Iran buries slain Hamas official as Israel braces for revenge; battle is in ‘new phase’ — Hezbollah
Iran’s Supreme Leader led prayers over the coffin of Ismail Haniyeh, the Hamas political chief assassinated in Tehran this week, as the Israeli military heightened its alert over potential retaliatory attacks.

Iran-backed Hezbollah’s leader said the group’s battle against Israel had entered a new phase and vowed to respond following the killing of a top commander of the militant group in Beirut.

Israel said it had confirmed that Mohammed Deif, Hamas’ military chief, was killed in a strike in Gaza last month, an announcement that came a day after the group’s political head, Ismail Haniyeh, was killed in Tehran. 

Iran buries senior Hamas official as Israel braces for revenge


Iran’s Supreme Leader led prayers over the coffin of Ismail Haniyeh, the Hamas political chief assassinated in Tehran this week, as the Israeli military heightened its alert over potential retaliatory attacks.

Iranian state TV showed Ayatollah Ali Khamenei leading the start of the funeral procession before Haniyeh’s coffin was driven into the city centre, through crowds waving Palestinian flags while some onlookers called for revenge. Iran and Hamas say he was killed by Israel, which hasn’t issued a denial and has vowed to kill all Hamas leaders since the group’s attack on the country on 7 October.

In Beirut, a similar procession was due to be held for a high-ranking member of Hezbollah, Fuad Shukr, who was killed in the Lebanese capital by an Israeli missile on Tuesday, just hours before Haniyeh’s death. Israel took responsibility for that one, saying it was in response to the killing of a dozen youths playing soccer in the Golan Heights on Saturday.

Pledges to respond — from Hamas, Hezbollah and their sponsor, Iran — for the two assassinations have rung out across the region.

Hezbollah’s leader, Hassan Nasrallah, said on Thursday that the killings crossed his red line, saying the conflict now is an “open battle on all fronts”.

But he stopped short of declaring the killings as an act of war and said his group fights both in anger and with “logic and wisdom”, reflecting the group’s declared intention not to widen the fighting with Israel.

Israeli Prime Minister Benjamin Netanyahu said on Thursday that “Israel is in a very high level of preparedness for any scenario — both in defence and attack. We will exact a very heavy price for any act of aggression against us from any arena.”

With Israel’s air defence systems on high alert, US Defense Secretary Lloyd Austin has said that “if Israel is attacked, yes we will help Israel defend itself”.
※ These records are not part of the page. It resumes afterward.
text \<open>This is the power mean inequality: by concavity of \<open>t \<mapsto> t powr (l'/l)\<close>, the mean of
  \<open>exp (l * x a) powr (l'/l)\<close> is at most the mean of \<open>exp (l * x a)\<close> raised to \<open>l'/l\<close>.\<close>

lemma log_mean_exp_mono_rate:
  assumes n: "1 \<le> n" and l: "0 < l'" "l' \<le> l"
  shows "log_mean_exp n x l' \<le> log_mean_exp n x l"
proof -
  define M where "M = (\<Sum>a<n. exp (l * x a)) / n"
  define p where "p = l' / l"
  have M: "0 < M" unfolding M_def using n sum_lessThan_exp_pos[OF n] by auto
  have p: "0 < p" "p \<le> 1" using l by (auto simp: p_def)
  have each: "exp (l' * x a) \<le> exp (p * ln M) * (1 - p + p * exp (l * x a) / M)" for a
  proof -
    have "exp (l' * x a) = exp (p * ln M) * exp (p * (l * x a - ln M))"
      using l by (simp add: p_def mult_exp_exp algebra_simps)
    also have "\<dots> \<le> exp (p * ln M) * (1 + p * (exp (l * x a - ln M) - 1))"
      using convex_onD[OF exp_convex, of p 0 "l * x a - ln M"] p
      by (intro mult_left_mono) (auto simp: algebra_simps)
    finally show ?thesis using M by (simp add: exp_diff algebra_simps)
  qed
  have "(\<Sum>a<n. exp (l' * x a)) \<le> (\<Sum>a<n. exp (p * ln M) * ((1 - p) + (p / M) * exp (l * x a)))"
    using each by (intro sum_mono) (simp add: algebra_simps)
  also have "\<dots> = exp (p * ln M) * (n * (1 - p) + p / M * (\<Sum>a<n. exp (l * x a)))"
    by (simp add: sum_distrib_left[symmetric] sum.distrib sum_distrib_left)
  also have "\<dots> = exp (p * ln M) * n"
  proof -
    have "(\<Sum>a<n. exp (l * x a)) = M * n" using n by (simp add: M_def)
    then show ?thesis using M by (simp add: field_simps)
  qed
  finally have "(\<Sum>a<n. exp (l' * x a)) / n \<le> exp (p * ln M)"
    using n by (simp add: divide_le_eq mult.commute)
  then have "ln ((\<Sum>a<n. exp (l' * x a)) / n) \<le> p * ln M"
    using n sum_lessThan_exp_pos[OF n, of "\<lambda>a. l' * x a"] by (intro ln_le_of_le_exp) auto
  then have "ln ((\<Sum>a<n. exp (l' * x a)) / n) / l' \<le> p * ln M / l'"
    using l by (intro divide_right_mono) auto
  also have "p * ln M / l' = ln M / l" using l by (simp add: p_def)
  finally have "ln ((\<Sum>a<n. exp (l' * x a)) / n) / l' \<le> ln M / l" .
  then show ?thesis by (simp add: log_mean_exp_def M_def)
qed

lemma log_mean_exp_add:
  assumes n: "1 \<le> n" and l: "0 < l"
    and mu: "\<And>a. mu a = exp (l * x a) / (\<Sum>a'<n. exp (l * x a'))"
  shows "log_mean_exp n (\<lambda>a. x a + y a) l = log_mean_exp n x l + (\<Sum>a<n. mu a * y a)
     + ln (\<Sum>a<n. mu a * exp (l * (y a - (\<Sum>a<n. mu a * y a)))) / l"
proof -
  define Z where "Z = (\<Sum>a'<n. exp (l * x a'))"
  define m where "m = (\<Sum>a<n. mu a * y a)"
  have Z: "0 < Z" unfolding Z_def using sum_lessThan_exp_pos[OF n] .
  have "(\<Sum>a<n. exp (l * (x a + y a))) = (\<Sum>a<n. Z * (mu a * exp (l * y a)))"
    using Z by (intro sum.cong) (auto simp: mu Z_def[symmetric] distrib_left exp_add)
  also have "\<dots> = Z * exp (l * m) * (\<Sum>a<n. mu a * exp (l * (y a - m)))"
    by (simp add: sum_distrib_left right_diff_distrib exp_diff mult.assoc)
  finally have eq: "(\<Sum>a<n. exp (l * (x a + y a))) = Z * exp (l * m) * (\<Sum>a<n. mu a * exp (l * (y a - m)))" .
  have "0 < (\<Sum>a<n. mu a * exp (l * (y a - m)))"
    using n Z by (intro sum_pos) (auto simp: lessThan_empty_iff mu Z_def[symmetric])
  then have "ln ((\<Sum>a<n. exp (l * (x a + y a))) / n) = ln (Z / n) + l * m + ln (\<Sum>a<n. mu a * exp (l * (y a - m)))"
    unfolding eq using Z n by (simp add: ln_mult ln_div)
  then show ?thesis
    using l unfolding log_mean_exp_def Z_def[symmetric] m_def[symmetric] by (simp add: field_simps)
qed

lemma sum_centered_linear:
  fixes mu y :: "nat \<Rightarrow> real"
  assumes "(\<Sum>a<n. mu a) = 1"
  shows "(\<Sum>a<n. mu a * (1 + l * (y a - (\<Sum>a<n. mu a * y a)))) = 1"
proof -
  define m where "m = (\<Sum>a<n. mu a * y a)"
  have "(\<Sum>a<n. mu a * (1 + l * (y a - m)))
      = (\<Sum>a<n. mu a) + l * (\<Sum>a<n. mu a * y a) - l * m * (\<Sum>a<n. mu a)"
    by (simp add: algebra_simps sum.distrib sum_subtractf sum_distrib_left)
  then show ?thesis using assms by (simp add: m_def)
qed

lemma one_le_sum_exp_centered:
  fixes mu y :: "nat \<Rightarrow> real"
  assumes mu0: "\<And>a. a < n \<Longrightarrow> 0 \<le> mu a" and mu1: "(\<Sum>a<n. mu a) = 1"
  shows "1 \<le> (\<Sum>a<n. mu a * exp (l * (y a - (\<Sum>a<n. mu a * y a))))"
proof -
  have "(\<Sum>a<n. mu a * (1 + l * (y a - (\<Sum>a<n. mu a * y a))))
      \<le> (\<Sum>a<n. mu a * exp (l * (y a - (\<Sum>a<n. mu a * y a))))"
    using mu0 by (intro sum_mono mult_left_mono) auto
  then show ?thesis using sum_centered_linear[OF mu1] by simp
qed

lemma sum_weighted_in_range:
  fixes mu y :: "nat \<Rightarrow> real"
  assumes mu0: "\<And>a. a < n \<Longrightarrow> 0 \<le> mu a" and mu1: "(\<Sum>a<n. mu a) = 1"
    and y: "\<And>a. a < n \<Longrightarrow> 0 \<le> y a \<and> y a \<le> Y"
  shows "0 \<le> (\<Sum>a<n. mu a * y a)" "(\<Sum>a<n. mu a * y a) \<le> Y"
proof -
  show "0 \<le> (\<Sum>a<n. mu a * y a)" using mu0 y by (intro sum_nonneg) auto
  have "(\<Sum>a<n. mu a * y a) \<le> (\<Sum>a<n. mu a * Y)" using mu0 y by (intro sum_mono mult_left_mono) auto
  then show "(\<Sum>a<n. mu a * y a) \<le> Y" using mu1 by (simp add: sum_distrib_right[symmetric])
qed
Khamenei had earlier said that Iran had a “duty to seek vengeance” for Haniyeh’s death and Israel should expect a “severe punishment”.
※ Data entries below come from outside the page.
(* Let $R$ be a commutative ring with unit and $M$ an $R$-module. Let $a_1,\dots,a_l\in R$, let $b\in M$ be nonzero, and put $a=\sum_{i=1}^l a_i$. The following are equivalent: (1) the equation $\sum_{i=1}^l a_i m_i=b$ is partition regular over $M$; (2) this equation has a constant solution in $M$, i.e. there is $m\in M$ with $\sum_{i=1}^l a_i m=b$; (3) $b\in aM$.
   Context: For a $k\times l$ matrix $\mathbf{A}$ over $R$ and $\mathbf b\in M^k$, the equation $\mathbf{A}\mathbf{m}=\mathbf b$ is partition regular over $M$ if for every $r\ge1$ and every map $\chi\colon M\to\{1,\dots,r\}$ there exists $\mathbf m=(m_1,\dots,m_l)^{\intercal}\in M^l$, not all $m_i$ zero, with $\mathbf{A}\mathbf{m}=\mathbf b$ and $\chi(m_1)=\dots=\chi(m_l)$. Here $k=1$ and $\mathbf A=(a_1,\dots,a_l)$. *)

theory Defs
  imports "HOL-Analysis.Analysis"
begin

definition partition_regular ::
  "('r::comm_ring_1 \<Rightarrow> 'm::ab_group_add \<Rightarrow> 'm) \<Rightarrow> nat \<Rightarrow> (nat \<Rightarrow> 'r) \<Rightarrow> 'm \<Rightarrow> bool" where
  "partition_regular sc l a b \<longleftrightarrow>
     (\<forall>r::nat. r \<ge> 1 \<longrightarrow> (\<forall>col::'m \<Rightarrow> nat. range col \<subseteq> {1..r} \<longrightarrow>
        (\<exists>m::nat \<Rightarrow> 'm. (\<exists>i\<in>{1..l}. m i \<noteq> 0)
            \<and> (\<Sum>i=1..l. sc (a i) (m i)) = b
            \<and> (\<forall>i\<in>{1..l}. \<forall>j\<in>{1..l}. col (m i) = col (m j)))))"

end

theory Submission
  imports Defs
begin
(* There exists an MDP $M$ and a policy class $\Pi\subset\Pi_{\mathrm{RNS}}$ with horizon $H=1$ such that $C^M_{\infty;h}\le 2$ (and hence $\mathsf{Cov}^M_{h,\varepsilon}\le2$ as well), yet for all $\varepsilon>0$, $$\inf_{p\in\Delta(\Pi)}\Psi^M_{\infty;h,\varepsilon}(p)\ge\frac{1}{\varepsilon},$$ and in particular $\inf_{p\in\Delta(\Pi)}\Psi^M_{\infty;h,0}(p)=\infty$.
   Context: Episodic reward-free MDP (countable states $\mathcal{X}$, actions $\mathcal{A}$, horizon $H$); $\Pi_{\mathrm{RNS}}$ randomized non-stationary policies; $d^{M,\pi}_h(x,a)$ layer-$h$ occupancy, $d^{M,p}_h=\mathbb{E}_{\pi\sim p}d^{M,\pi}_h$. Definitions: $C^M_{\infty;h}=\inf_{\mu\in\Delta(\mathcal{X}\times\mathcal{A})}\sup_{\pi\in\Pi}\sup_{(x,a)}\frac{d^{M,\pi}_h(x,a)}{\mu(x,a)}$; $\mathsf{Cov}^M_{h,\varepsilon}=\inf_{p\in\Delta(\Pi)}\sup_{\pi\in\Pi}\mathbb{E}^{M,\pi}\big[\frac{d^{M,\pi}_h(x_h,a_h)}{d^{M,p}_h(x_h,a_h)+\varepsilon d^{M,\pi}_h(x_h,a_h)}\big]$; admissible $L_\infty$-coverage $\Psi^M_{\infty;h,\varepsilon}(p)=\sup_{\pi\in\Pi}\sup_{(x,a)}\frac{d^{M,\pi}_h(x,a)}{d^{M,p}_h(x,a)+\varepsilon d^{M,\pi}_h(x,a)}$. *)

theory Defs
  imports "HOL-Probability.Probability"
begin

text \<open>Layers are numbered 1..H.  init is the layer-1 state distribution, and
  trans h x a is the distribution of x_(h+1) given (x_h, a_h) = (x, a).\<close>

record ('x, 'a) mdp =
  horizon :: nat
  init :: "'x pmf"
  trans :: "nat \<Rightarrow> 'x \<Rightarrow> 'a \<Rightarrow> 'x pmf"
Amid questions about how Israel managed to hit Haniyeh in Tehran, The New York Times reported that he was killed by a bomb smuggled several months earlier into the guesthouse where he was staying. It cited seven Middle Eastern officials, including two Iranians, and a US official, all of whom it said spoke on condition of anonymity because of the sensitive details.
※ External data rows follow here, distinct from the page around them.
lemma has_cycle_image:
  assumes "has_cycle N A"
    and node: "\<And>x. x \<in> N \<Longrightarrow> f x \<in> N'"
    and edge: "\<And>x y. x \<in> N \<Longrightarrow> y \<in> N \<Longrightarrow> x \<noteq> y \<Longrightarrow> {x, y} \<in> A \<Longrightarrow> {f x, f y} \<in> A'"
    and edge_neq: "\<And>x y. x \<in> N \<Longrightarrow> y \<in> N \<Longrightarrow> x \<noteq> y \<Longrightarrow> {x, y} \<in> A \<Longrightarrow> f x \<noteq> f y"
    and locally_inj: "\<And>x y z. x \<in> N \<Longrightarrow> y \<in> N \<Longrightarrow> z \<in> N \<Longrightarrow> {y, x} \<in> A \<Longrightarrow> {y, z} \<in> A \<Longrightarrow>
      x \<noteq> y \<Longrightarrow> z \<noteq> y \<Longrightarrow> x \<noteq> z \<Longrightarrow> f x \<noteq> f z"
  shows "has_cycle N' A'"
proof -
  obtain cs where len: "3 \<le> length cs" and "distinct cs" and set: "set cs \<subseteq> N"
    and cycle_edge: "\<forall>i < length cs. {cs ! i, cs ! (Suc i mod length cs)} \<in> A"
    using assms(1) unfolding has_cycle_def by blast
  define n where "n = length cs"
  have "3 \<le> n"
    using len by (simp add: n_def)
  have edge_i: "{cs ! i, cs ! (Suc i mod n)} \<in> A" if "i < n" for i
    using cycle_edge that unfolding n_def by blast
  have node_i: "cs ! i \<in> N" if "i < n" for i
    using set that unfolding n_def by (meson nth_mem subsetD)
  have neq: "cs ! i \<noteq> cs ! j" if "i < n" "j < n" "i \<noteq> j" for i j
    using \<open>distinct cs\<close> that unfolding n_def by (simp add: nth_eq_iff_index_eq)
  show ?thesis
  proof (rule has_cycle_closed_walk[of "map f cs"])
    show "3 \<le> length (map f cs)" and "set (map f cs) \<subseteq> N'"
      using len set node by auto
  next
    fix i assume "i < length (map f cs)"
    then have i: "i < n"
      by (simp add: n_def)
    then have "Suc i mod n < n" and "Suc i mod n \<noteq> i"
      using Suc_mod_neq[OF i] \<open>3 \<le> n\<close> by simp_all
    then show "{map f cs ! i, map f cs ! (Suc i mod length (map f cs))} \<in> A'"
      and "map f cs ! i \<noteq> map f cs ! (Suc i mod length (map f cs))"
      using edge edge_neq node_i edge_i neq i by (simp_all add: n_def)
  next
    fix i assume "i < length (map f cs)"
    then have i: "i < n" by (simp add: n_def)
    define j where "j = Suc i mod n"
    define l where "l = Suc j mod n"
    have "j < n" "l < n"
      using \<open>3 \<le> n\<close> by (simp_all add: j_def l_def)
    moreover have "j \<noteq> i" "l \<noteq> j" "l \<noteq> i"
      using Suc_mod_neq[OF i] Suc_mod_neq[OF \<open>j < n\<close>] Suc_Suc_mod_neq[OF i] \<open>3 \<le> n\<close>
      by (simp_all add: j_def l_def mod_Suc_eq)
    moreover have "{cs ! j, cs ! i} \<in> A" and "{cs ! j, cs ! l} \<in> A"
      using edge_i[OF i] edge_i[OF \<open>j < n\<close>] unfolding j_def l_def by (simp_all add: insert_commute)
    ultimately have "f (cs ! i) \<noteq> f (cs ! l)"
      using locally_inj node_i neq i by metis
    then show "map f cs ! i \<noteq> map f cs ! (Suc (Suc i) mod length (map f cs))"
      using i \<open>l < n\<close> by (simp add: l_def j_def n_def mod_Suc_eq)
  qed
qed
Read more: Death of a Hamas chief suggests failure at heart of Iran’s rule

The US, a key Israeli ally, is striving to prevent the situation from escalating into a full-blown war across the Middle East. The Biden administration used intermediaries to send warnings to Iran, Hezbollah and the Houthis of Yemen not to escalate, according to people familiar with US policy. The US also counselled Israel on the need for caution in its next steps, the people said.

Thursday marked the 300th day of the war between Israel and Hamas, designated a terrorist organisation by the US and European Union. Fighting continues unabated, with Israel’s military reporting the striking of loaded launchers aimed at the country. On Wednesday, Israeli warplanes killed two journalists working for Al Jazeera, the Qatari-owned network.

Hezbollah chief says battle against Israel enters ‘new phase’


Iran-backed Hezbollah’s leader said the group’s battle against Israel had entered a new phase and vowed to respond following the killing of a top commander of the militant group in Beirut.

Hezbollah Secretary-General Hassan Nasrallah said Israel’s assassination of his senior adviser, Fuad Shukr, in the Lebanese capital on Tuesday and the subsequent killing of Hamas’ political chief, Ismail Haniyeh, in Tehran crossed his red lines, saying the conflict now was an “open battle on all fronts.

“We are now facing a major battle that has surpassed the idea of support fronts,” he said, reiterating the only way to stop escalation in the region would be for Israel to end the war in Gaza.

Hezbollah has been firing missiles and mortars into Israel almost daily since 7 October, when Hamas attacked southern Israel, killing around 1,200 people and abducting another 250. Nasrallah said his group had halted attacks against Israel in the past two days after the assassination but they would resume on Friday as usual. The response to Shukr’s killing was “inevitable”, he said.

Nasrallah was speaking during the funeral of Shukr in Beirut, where thousands of Hezbollah supporters gathered and took part in the procession that followed their leader’s speech.

The Israeli assault in Beirut, which Nasrallah said killed seven people including Shukr and two children, was a response to a deadly rocket assault in the Golan Heights over the weekend.

Israel blamed Hezbollah for the strike on a football field in the Israel-controlled region. Hezbollah denied responsibility.

Israel says it’s confirmed Hamas' Deif was killed in Gaza strike


Israel said it had confirmed that Mohammed Deif, Hamas’ military chief, was killed in a strike in Gaza last month, an announcement that came a day after Haniyeh was killed in Tehran.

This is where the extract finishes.